For any sequence {1 1 2 2 ... n n} there are, say, m odd pairs, n-m even pairs, and 2n positions in which to place them (i.e. n positions of each parity).
If you place the even pairs first then you use n-m even positions and n-m odd positions, thus you have m positions of each parity left in which to place the odd pairs.
The odd pairs must be placed in positions of the same parity. If m is even there is no problem because half the pairs will will be placed in odd positions, and half in even positions.
If m is odd, however, you can only place m-1 of the odd pairs, at which point you'll have one odd pair left to place, and one position of each parity. As the odd pair requires positions of the same parity there is no solution when m (the number of odd pairs) is odd.
I adopted an elimination approach with paper and pencil for L(2,7).

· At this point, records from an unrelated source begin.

(* Let $k\ge 2$ and let $K>0$, $\sigma>0$, $0<d_0<d_1$, $0<\beta\le \tfrac12$, and let $\theta$ be a positive even integer. Consider agents with positions $x_i(t)\in\mathbb{R}^n$ and velocities $v_i(t)\in\mathbb{R}^n$, $i=1,\dots,k$, evolving by $$\dot x_i=v_i,\qquad \dot v_i=\sum_{j=1}^k a_{ij}(x)(v_j-v_i)+\Lambda(v)\sum_{j\neq i} f_0(\|x_i-x_j\|^2)(x_i-x_j)+\Lambda(v)\sum_{j\ne i} f_1(\|x_i-x_j\|^2)(x_j-x_i),$$ where $$a_{ij}(x)=\frac{K}{(\sigma^2+\|x_i-x_j\|^2)^{\beta}},\quad \Lambda(v)=\Big(\frac1k\sum_{i>j}\|v_i-v_j\|^2\Big)^{1/2},\quad f_0(r)=\frac{1}{(r-d_0)^{\theta}},\quad f_1(r)=\frac{1}{(r-d_1)^{\theta}}.$$ Suppose the initial positions satisfy $d_0<\|x_i(0)-x_j(0)\|^2<d_1$ for all $i\neq j$, and let $(x(t),v(t))$ be a solution defined for all $t\ge 0$. Then the average velocity $\bar v(t)=\frac1k\sum_{i=1}^k v_i(t)$ is constant in $t$, the deviations $\|x_i(t)-\bar x(t)\|$ (with $\bar x=\frac1k\sum_i x_i$) remain bounded for $t\ge0$, $\int_0^\infty\big(\sum_{i=1}^k\|v_i(t)-\bar v\|^2\big)^{1/2}dt<\infty$, and $v_i(t)-\bar v\to 0$ as $t\to\infty$ for every $i$; i.e. all velocities converge to a common value.
   Context: $\|\cdot\|$ is the Euclidean norm. The term $\sum_j a_{ij}(x)(v_j-v_i)$ is the alignment term, the $f_0$ term the separation term, and the $f_1$ term the cohesion term. Note $\Lambda(v)$ equals $\big(\sum_{i=1}^k\|v_i-\bar v\|^2\big)^{1/2}$. *)

theory Defs
  imports "HOL-Analysis.Analysis"
begin

definition align_weight :: "real \<Rightarrow> real \<Rightarrow> real \<Rightarrow> real ^ 'n \<Rightarrow> real ^ 'n \<Rightarrow> real" where
  "align_weight K \<sigma> \<beta> xi xj = K / (\<sigma>\<^sup>2 + (norm (xi - xj))\<^sup>2) powr \<beta>"

definition Lambda :: "('k::{finite,linorder} \<Rightarrow> real ^ 'n) \<Rightarrow> real" where
  "Lambda v = sqrt ((1 / real CARD('k)) * (\<Sum>(i, j) \<in> {(i, j). j < i}. (norm (v i - v j))\<^sup>2))"

definition fsing :: "real \<Rightarrow> nat \<Rightarrow> real \<Rightarrow> real" where
  "fsing d \<theta> r = 1 / (r - d) ^ \<theta>"

definition avg :: "('k::finite \<Rightarrow> real ^ 'n) \<Rightarrow> real ^ 'n" where
  "avg v = (1 / real CARD('k)) *\<^sub>R (\<Sum>i\<in>UNIV. v i)"

definition flock_rhs ::
  "real \<Rightarrow> real \<Rightarrow> real \<Rightarrow> real \<Rightarrow> real \<Rightarrow> nat \<Rightarrow>
   ('k::{finite,linorder} \<Rightarrow> real ^ 'n) \<Rightarrow> ('k \<Rightarrow> real ^ 'n) \<Rightarrow> 'k \<Rightarrow> real ^ 'n" where
  "flock_rhs K \<sigma> \<beta> d0 d1 \<theta> x v i =
     (\<Sum>j\<in>UNIV. align_weight K \<sigma> \<beta> (x i) (x j) *\<^sub>R (v j - v i))
     + Lambda v *\<^sub>R (\<Sum>j\<in>UNIV - {i}. fsing d0 \<theta> ((norm (x i - x j))\<^sup>2) *\<^sub>R (x i - x j))
     + Lambda v *\<^sub>R (\<Sum>j\<in>UNIV - {i}. fsing d1 \<theta> ((norm (x i - x j))\<^sup>2) *\<^sub>R (x j - x i))"

end

theory Submission
  imports Defs
begin

text \<open>
  The argument is a Lyapunov estimate. The forces are sums of antisymmetric pair forces, so the
  mean velocity is conserved, and the singular terms derive from a pair potential that is positive
  on \<open>(d0, d1)\<close> and blows up at both ends. As the distances never hit the singular values, they
  stay in \<open>(d0, d1)\<close>, where every alignment weight is at least \<open>K / (\<sigma>\<^sup>2 + d1)\<^sup>\<beta>\<close>. With
  \<open>\<Lambda>\<close> the velocity spread and \<open>Q\<close> the total potential, the singular forces do work
  \<open>-Q'\<close> on \<open>\<Lambda>\<close> while alignment dissipates, giving \<open>(\<Lambda> + Q)' \<le> -c \<Lambda>\<close>.
  Hence \<open>\<Lambda>\<close> is integrable and \<open>Q\<close> is bounded; bounded \<open>Q\<close> keeps the distances away from
  \<open>d0\<close> and \<open>d1\<close>, so the accelerations are bounded, the velocities are Lipschitz, and an
  integrable bound on a Lipschitz function forces it to tend to zero (Barbalat).
\<close>

section \<open>Sums over pairs of agents\<close>

lemma sum_sum_antisym_eq_0:
  fixes h :: "'i \<Rightarrow> 'i \<Rightarrow> 'a::real_vector"
  assumes antisym: "\<And>i j. h j i = - h i j"
  shows "(\<Sum>i\<in>I. \<Sum>j\<in>I. h i j) = 0"
proof -
  have "(\<Sum>i\<in>I. \<Sum>j\<in>I. h i j) = (\<Sum>j\<in>I. \<Sum>i\<in>I. - h j i)"
    by (subst sum.swap) (intro sum.cong refl antisym)
  then have "2 *\<^sub>R (\<Sum>i\<in>I. \<Sum>j\<in>I. h i j) = 0"
    by (simp add: sum_negf scaleR_2 eq_neg_iff_add_eq_0)
  then show ?thesis by simp
qed

lemma sum_inner_sum_antisym:
  fixes h :: "'i \<Rightarrow> 'i \<Rightarrow> 'a::real_inner"
  assumes antisym: "\<And>i j. h j i = - h i j"
  shows "(\<Sum>i\<in>I. w i \<bullet> (\<Sum>j\<in>I. h i j)) = (1/2) * (\<Sum>i\<in>I. \<Sum>j\<in>I. h i j \<bullet> (w i - w j))"
proof -
  have "(\<Sum>i\<in>I. \<Sum>j\<in>I. h i j \<bullet> w j) = (\<Sum>j\<in>I. \<Sum>i\<in>I. - (h j i \<bullet> w j))"
    by (subst sum.swap) (intro sum.cong refl, subst antisym, simp)
  then have "(\<Sum>i\<in>I. \<Sum>j\<in>I. h i j \<bullet> w j) = - (\<Sum>i\<in>I. \<Sum>j\<in>I. h i j \<bullet> w i)"
    by (simp add: sum_negf)
  then show ?thesis
    by (simp add: inner_diff_right sum_subtractf inner_sum_right inner_commute)
qed

lemma sum_sum_norm_diff_sq:
  fixes w :: "'i \<Rightarrow> 'a::real_inner"
  shows "(\<Sum>i\<in>I. \<Sum>j\<in>I. (norm (w i - w j))\<^sup>2)
       = 2 * real (card I) * (\<Sum>i\<in>I. (norm (w i))\<^sup>2) - 2 * (norm (\<Sum>i\<in>I. w i))\<^sup>2"
proof -
  have "(norm (w i - w j))\<^sup>2 = (norm (w i))\<^sup>2 + (norm (w j))\<^sup>2 - 2 * (w i \<bullet> w j)" for i j
    by (simp add: power2_norm_eq_inner inner_diff_left inner_diff_right inner_commute)
  then have "(\<Sum>i\<in>I. \<Sum>j\<in>I. (norm (w i - w j))\<^sup>2)
      = (\<Sum>i\<in>I. \<Sum>j\<in>I. (norm (w i))\<^sup>2) + (\<Sum>i\<in>I. \<Sum>j\<in>I. (norm (w j))\<^sup>2)
        - 2 * (\<Sum>i\<in>I. \<Sum>j\<in>I. w i \<bullet> w j)"
    by (simp add: sum_subtractf sum.distrib sum_distrib_left)
  moreover have "(norm (\<Sum>i\<in>I. w i))\<^sup>2 = (\<Sum>i\<in>I. \<Sum>j\<in>I. w i \<bullet> w j)"
    unfolding power2_norm_eq_inner inner_sum_left inner_sum_right by (rule sum.swap)
  ultimately show ?thesis by (simp add: sum_distrib_left mult.assoc)
qed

Place the two 7s. Just three possibilities
Place the two 6s and so on.
It is obvious when placing the 1s, 2s, and 3s simultaneously whether there is a solution or not.
I found 18 of the 26 solutions thus.
When time and paper permits I will tackle L(2,8).
I'm pretty sure I've seen this in Knuth's "The Art of Computer Programming". I'll look it up when I get home tonight.
I think a good heuristic would be to start with the biggest numbers. You'll still need backtracking though.
The problem with the problem is that having a solution for n-1 usually doesn't help you much to find a solution for n.
Is it always possible? I can see the pattern is probable and not definite. It doesn't work for 1s or 1s and 2s.
If it is probablistic, the best idea would be to start with brute force and keep on eliminating wrong options as an when you encounter them.